Current manager Enrique Ortega says that the nursery has a history of indulging in employees' interests, which have added such unexpected delights as bonsai Japanese junipers and a rare cockspur coral tree to its otherwise very respectable garden stock.

Even Cedar Hill's run-of-the-mill items are handsomely displayed: azaleas, hydrangeas, gardenias and other sun-shy plants are arrayed around a burbling fountain in a shade house; indoor plants such as bromeliads, ficus and crotons gather on slatted tables in a greenhouse; and ferns, bananas and other tropicals line a shadowy glade hung with cedar boughs.

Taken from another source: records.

(* For all integers $m,n\ge 0$ and all real $t$, $$H_{m,n}(t)=m!\,n!\left(\frac{1}{\sqrt2}\right)^{m+n}\sum_{k=0}^{m}\sum_{j=0}^{n}\frac{H_{k,j}(t/\sqrt2)}{k!\,j!}\,\frac{H_{m-k,n-j}(t/\sqrt2)}{(m-k)!\,(n-j)!}.$$
   Context: For integers $m,n\ge 0$, the two-index Hermite polynomial is $H_{m,n}(x)=\left(-\frac{d}{dx}+2x\right)^m(x^n)$, i.e. the operator $f\mapsto -f'+2xf$ applied $m$ times to $x^n$. *)

theory Defs
  imports "HOL-Analysis.Analysis" "HOL-Computational_Algebra.Polynomial"
begin

definition herm_op :: "real poly \<Rightarrow> real poly" where
  "herm_op p = - pderiv p + [:0, 2:] * p"

definition H2 :: "nat \<Rightarrow> nat \<Rightarrow> real poly" where
  "H2 m n = (herm_op ^^ m) (monom 1 n)"

definition Hmn :: "nat \<Rightarrow> nat \<Rightarrow> real \<Rightarrow> real" where
  "Hmn m n x = poly (H2 m n) x"

end

theory Submission
  imports Defs
begin

(*
  Write A for the operator f \<mapsto> -f' + 2xf, so that H_{m,n} = A^m(x^n), and let S be the
  rescaling p(x) \<mapsto> p(x/\<surd>2).  The whole proof rests on a Leibniz rule for A on rescaled
  products:  A(S p \<cdot> S q) = (S(A p) \<cdot> S q + S p \<cdot> S(A q)) / \<surd>2,  which holds because the
  factor 2x splits evenly between the two rescaled factors (4 (1/\<surd>2)^2 = 2).

  With the normalised polynomials N_{k,j} = H_{k,j}/(k! j!) we have A N_{k,j} = (k+1) N_{k+1,j},
  and the convolution  C_{m,n} = \<Sum>_{k\<le>m} \<Sum>_{j\<le>n} S N_{k,j} \<cdot> S N_{m-k,n-j}  therefore
  satisfies A C_{m,n} = (m+1)/\<surd>2 \<cdot> C_{m+1,n}  (a discrete Leibniz/convolution identity).
  For m = 0 the binomial theorem gives n! C_{0,n}(x) = (\<surd>2 x)^n.  Induction on m then yields
  H_{m,n} = m! n! (1/\<surd>2)^{m+n} C_{m,n}, and evaluating at t is the theorem.
*)

lemma herm_op_eq: "herm_op p = smult 2 (pCons 0 p) - pderiv p"
  by (simp add: herm_op_def)

lemma herm_op_add: "herm_op (p + q) = herm_op p + herm_op q"
  by (simp add: herm_op_eq pderiv_add smult_add_right)

lemma herm_op_smult: "herm_op (smult c p) = smult c (herm_op p)"
  by (simp add: herm_op_eq pderiv_smult smult_diff_right mult.commute)

lemma herm_op_sum: "herm_op (sum f A) = (\<Sum>i\<in>A. herm_op (f i))"
proof (induction A rule: infinite_finite_induct)
  case (insert x F)
  then show ?case
    by (simp add: herm_op_add)
qed (simp_all add: herm_op_def)

lemma H2_Suc: "H2 (Suc m) n = herm_op (H2 m n)"
  by (simp add: H2_def)

definition rescale :: "real poly \<Rightarrow> real poly" where
  "rescale p = pcompose p [:0, 1 / sqrt 2:]"

lemma poly_rescale: "poly (rescale p) x = poly p (x / sqrt 2)"
  by (simp add: rescale_def poly_pcompose)

lemma rescale_smult: "rescale (smult c p) = smult c (rescale p)"
  by (simp add: rescale_def pcompose_smult)

lemma rescale_diff: "rescale (p - q) = rescale p - rescale q"
  by (simp add: rescale_def pcompose_diff)

lemma rescale_pCons_0: "rescale (pCons 0 p) = smult (1 / sqrt 2) (pCons 0 (rescale p))"
  by (simp add: rescale_def pcompose_pCons)

lemma pderiv_rescale: "pderiv (rescale p) = smult (1 / sqrt 2) (rescale (pderiv p))"
  by (simp add: rescale_def pderiv_pcompose pderiv_pCons)

lemma herm_op_rescale_mult:
  "herm_op (rescale p * rescale q) =
     smult (1 / sqrt 2) (rescale (herm_op p) * rescale q + rescale p * rescale (herm_op q))"
proof -
  have half: "(1 / sqrt 2) * (1 / sqrt 2) = (1::real) / 2"
    by (simp add: field_simps)
  show ?thesis
    unfolding herm_op_eq
    by (simp add: rescale_smult rescale_diff rescale_pCons_0 pderiv_mult pderiv_rescale half
        algebra_simps smult_add_right smult_diff_right flip: smult_add_left)
qed

text \<open>Differentiating a Cauchy convolution term by term: if \<open>f\<close> and \<open>g\<close> behave like
  Taylor coefficients (index shift with a factor), the two contributions recombine into
  \<open>(m+1)\<close> times the next convolution.\<close>
lemma sum_convolution_shift:
  fixes f g :: "nat \<Rightarrow> 'a::comm_ring_1"
  shows "(\<Sum>k=0..m. of_nat (Suc k) * f (Suc k) * g (m - k)
                     + f k * (of_nat (Suc m - k) * g (Suc m - k)))
       = of_nat (Suc m) * (\<Sum>k=0..Suc m. f k * g (Suc m - k))"
proof -
  have left: "(\<Sum>k=0..m. of_nat (Suc k) * f (Suc k) * g (m - k))
      = (\<Sum>k=0..Suc m. of_nat k * f k * g (Suc m - k))"
  proof -
    have "(\<Sum>k=0..m. of_nat (Suc k) * f (Suc k) * g (m - k))
        = (\<Sum>k=Suc 0..Suc m. of_nat k * f k * g (Suc m - k))"
      by (subst sum.shift_bounds_cl_Suc_ivl) simp
    also have "\<dots> = (\<Sum>k=0..Suc m. of_nat k * f k * g (Suc m - k))"
      by (subst (2) sum.atLeast_Suc_atMost) simp_all
    finally show ?thesis .
  qed
  have right: "(\<Sum>k=0..m. f k * (of_nat (Suc m - k) * g (Suc m - k)))
      = (\<Sum>k=0..Suc m. of_nat (Suc m - k) * f k * g (Suc m - k))"
    by (simp add: mult_ac)
  have weights: "of_nat k * f k * g (Suc m - k) + of_nat (Suc m - k) * f k * g (Suc m - k)
      = of_nat (Suc m) * (f k * g (Suc m - k))" if "k \<le> Suc m" for k
  proof -
    from that have "of_nat k + of_nat (Suc m - k) = (of_nat (Suc m) :: 'a)"
      by (simp flip: of_nat_add)
    then show ?thesis
      by (metis distrib_right mult.assoc)
  qed
  have "(\<Sum>k=0..m. of_nat (Suc k) * f (Suc k) * g (m - k)
                     + f k * (of_nat (Suc m - k) * g (Suc m - k)))
      = (\<Sum>k=0..Suc m. of_nat k * f k * g (Suc m - k)
                       + of_nat (Suc m - k) * f k * g (Suc m - k))"
    by (simp only: sum.distrib left right)
  also have "\<dots> = (\<Sum>k=0..Suc m. of_nat (Suc m) * (f k * g (Suc m - k)))"
    by (rule sum.cong[OF refl], rule weights) simp
  finally show ?thesis
    by (simp only: sum_distrib_left)
qed

lemma smult_sum_right: "smult c (sum f A) = (\<Sum>i\<in>A. smult c (f i))"
  by (induction A rule: infinite_finite_induct) (simp_all add: smult_add_right)

lemma smult_of_nat: "smult (of_nat c) p = of_nat c * p"
  by (simp add: of_nat_poly)

definition normH :: "nat \<Rightarrow> nat \<Rightarrow> real poly" where
  "normH k j = smult (1 / (fact k * fact j)) (H2 k j)"

lemma poly_normH: "poly (normH k j) y = Hmn k j y / (fact k * fact j)"
  by (simp add: normH_def Hmn_def)

lemma herm_op_normH: "herm_op (normH k j) = smult (of_nat (Suc k)) (normH (Suc k) j)"
proof -
  have "(1::real) / (fact k * fact j) = of_nat (Suc k) * (1 / (fact (Suc k) * fact j))"
    by (simp add: fact_Suc field_simps del: of_nat_Suc)
  then show ?thesis
    by (simp add: normH_def herm_op_smult H2_Suc)
qed

definition conv :: "nat \<Rightarrow> nat \<Rightarrow> real poly" where
  "conv m n = (\<Sum>k = 0..m. \<Sum>j = 0..n. rescale (normH k j) * rescale (normH (m - k) (n - j)))"

lemma poly_conv: "poly (conv m n) x = (\<Sum>k = 0..m. \<Sum>j = 0..n.
       (Hmn k j (x / sqrt 2) / (fact k * fact j)) *
       (Hmn (m - k) (n - j) (x / sqrt 2) / (fact (m - k) * fact (n - j))))"
  by (simp add: conv_def poly_sum poly_rescale poly_normH)

lemma herm_op_conv_term:
  "herm_op (rescale (normH k j) * rescale (normH l i)) = smult (1 / sqrt 2)
     (of_nat (Suc k) * rescale (normH (Suc k) j) * rescale (normH l i)
      + rescale (normH k j) * (of_nat (Suc l) * rescale (normH (Suc l) i)))"
  by (simp only: herm_op_rescale_mult herm_op_normH rescale_smult mult_smult_left
      mult_smult_right) (simp only: smult_of_nat mult.assoc mult.left_commute)

lemma herm_op_conv: "herm_op (conv m n) = smult (1 / sqrt 2) (of_nat (Suc m) * conv (Suc m) n)"
proof -
  have "herm_op (conv m n) = smult (1 / sqrt 2) (\<Sum>j = 0..n. \<Sum>k = 0..m.
     of_nat (Suc k) * rescale (normH (Suc k) j) * rescale (normH (m - k) (n - j))
     + rescale (normH k j) * (of_nat (Suc m - k) * rescale (normH (Suc m - k) (n - j))))"
    unfolding conv_def herm_op_sum herm_op_conv_term
    by (simp add: smult_sum_right sum.swap[of _ "{0..m}"] Suc_diff_le)
  also have "\<dots> = smult (1 / sqrt 2) (\<Sum>j = 0..n. of_nat (Suc m) *
      (\<Sum>k = 0..Suc m. rescale (normH k j) * rescale (normH (Suc m - k) (n - j))))"
    by (simp only: sum_convolution_shift[of "\<lambda>k. rescale (normH k _)" "\<lambda>k. rescale (normH k _)"])
  also have "\<dots> = smult (1 / sqrt 2) (of_nat (Suc m) * conv (Suc m) n)"
    unfolding conv_def sum_distrib_left by (subst (2) sum.swap) (rule refl)
  finally show ?thesis .
qed

text \<open>Base case: since \<open>H_{0,j} = x^j\<close>, the convolution is a binomial expansion,
  \<open>n! C_{0,n}(x) = (x/\<surd>2 + x/\<surd>2)^n = (\<surd>2 x)^n\<close>.\<close>
lemma poly_conv_0: "fact n * poly (conv 0 n) x = (sqrt 2 * x) ^ n"
proof -
  define y where "y = x / sqrt 2"
  have H2_0: "Hmn 0 j z = z ^ j" for j z
    by (simp add: Hmn_def H2_def poly_monom)
  have conv_0: "poly (conv 0 n) x = (\<Sum>j = 0..n. y ^ j / fact j * (y ^ (n - j) / fact (n - j)))"
    by (simp add: poly_conv H2_0 y_def)
  have "fact n * poly (conv 0 n) x = (\<Sum>j = 0..n. of_nat (n choose j) * y ^ j * y ^ (n - j))"
    unfolding conv_0 sum_distrib_left by (intro sum.cong refl) (simp add: binomial_fact field_simps)
  also have "\<dots> = (y + y) ^ n"
    by (simp only: binomial_ring atLeast0AtMost)
  also have "y + y = sqrt 2 * x"
    by (simp add: y_def field_simps flip: mult.assoc)
  finally show ?thesis .
qed

lemma H2_eq_conv: "H2 m n = smult (fact m * fact n * (1 / sqrt 2) ^ (m + n)) (conv m n)"
proof (induction m)
  case 0
  have "poly (H2 0 n) x = (1 / sqrt 2) ^ n * (fact n * poly (conv 0 n) x)" for x
    by (simp add: poly_conv_0 H2_def poly_monom flip: power_mult_distrib)
  then show ?case
    by (intro poly_eq_poly_eq_iff[THEN iffD1] ext) simp
next
  case (Suc m)
  have coeff: "fact m * fact n * (1 / sqrt 2) ^ (m + n) * ((1 / sqrt 2) * of_nat (Suc m))
      = (fact (Suc m) * fact n * (1 / sqrt 2) ^ (Suc m + n) :: real)"
    by (simp add: fact_Suc algebra_simps del: of_nat_Suc)
  have "H2 (Suc m) n = smult (fact m * fact n * (1 / sqrt 2) ^ (m + n))
      (smult (1 / sqrt 2) (smult (of_nat (Suc m)) (conv (Suc m) n)))"
    by (simp only: H2_Suc Suc.IH herm_op_smult herm_op_conv smult_of_nat)
  also have "\<dots> = smult (fact (Suc m) * fact n * (1 / sqrt 2) ^ (Suc m + n)) (conv (Suc m) n)"
    by (simp only: smult_smult coeff)
  finally show ?case .
qed

theorem mainTheorem10:
  fixes m n :: nat and t :: real
  shows "Hmn m n t = fact m * fact n * (1 / sqrt 2) ^ (m + n) *
    (\<Sum>k = 0..m. \<Sum>j = 0..n.
       (Hmn k j (t / sqrt 2) / (fact k * fact j)) *
       (Hmn (m - k) (n - j) (t / sqrt 2) / (fact (m - k) * fact (n - j))))"
  by (simp only: Hmn_def[of m n] H2_eq_conv poly_smult poly_conv)

end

While parents browse among the flora, children can amuse themselves clucking at chickens or pigeons who live in coops on the grounds. Once a year, there's a public sheep-shearing, which is advertised in the nursery's Tarzana Ranch Flyer. This chatty promotional brochure offers gardening advice and Valley history on the side, courtesy of Ralph Herman, a developer and local history buff who oversees Cedar Hill.

Herman also crafted the funny metal sculptures scattered around the place--scrawny birds and flapping roosters--and is responsible for assorted machine scraps (remnants from inventions he has worked on through the years) heaped behind a Do Not Enter sign near the nursery's propagation shed. Herman's plans include converting the old ranch house on his property into a combination Otis-Burroughs museum and garden club restaurant, which would serve as a local horticultural education center.

In the meantime, his nursery offers a great way to spend an afternoon in a relaxed, rustic setting with plenty of color to spare.

WHERE TO GO

Location: Cedar Hill Nursery, 18320 Tarzana Drive, Tarzana.

Hours: 8 a.m.-5:30 p.m. Wednesdays through Sundays.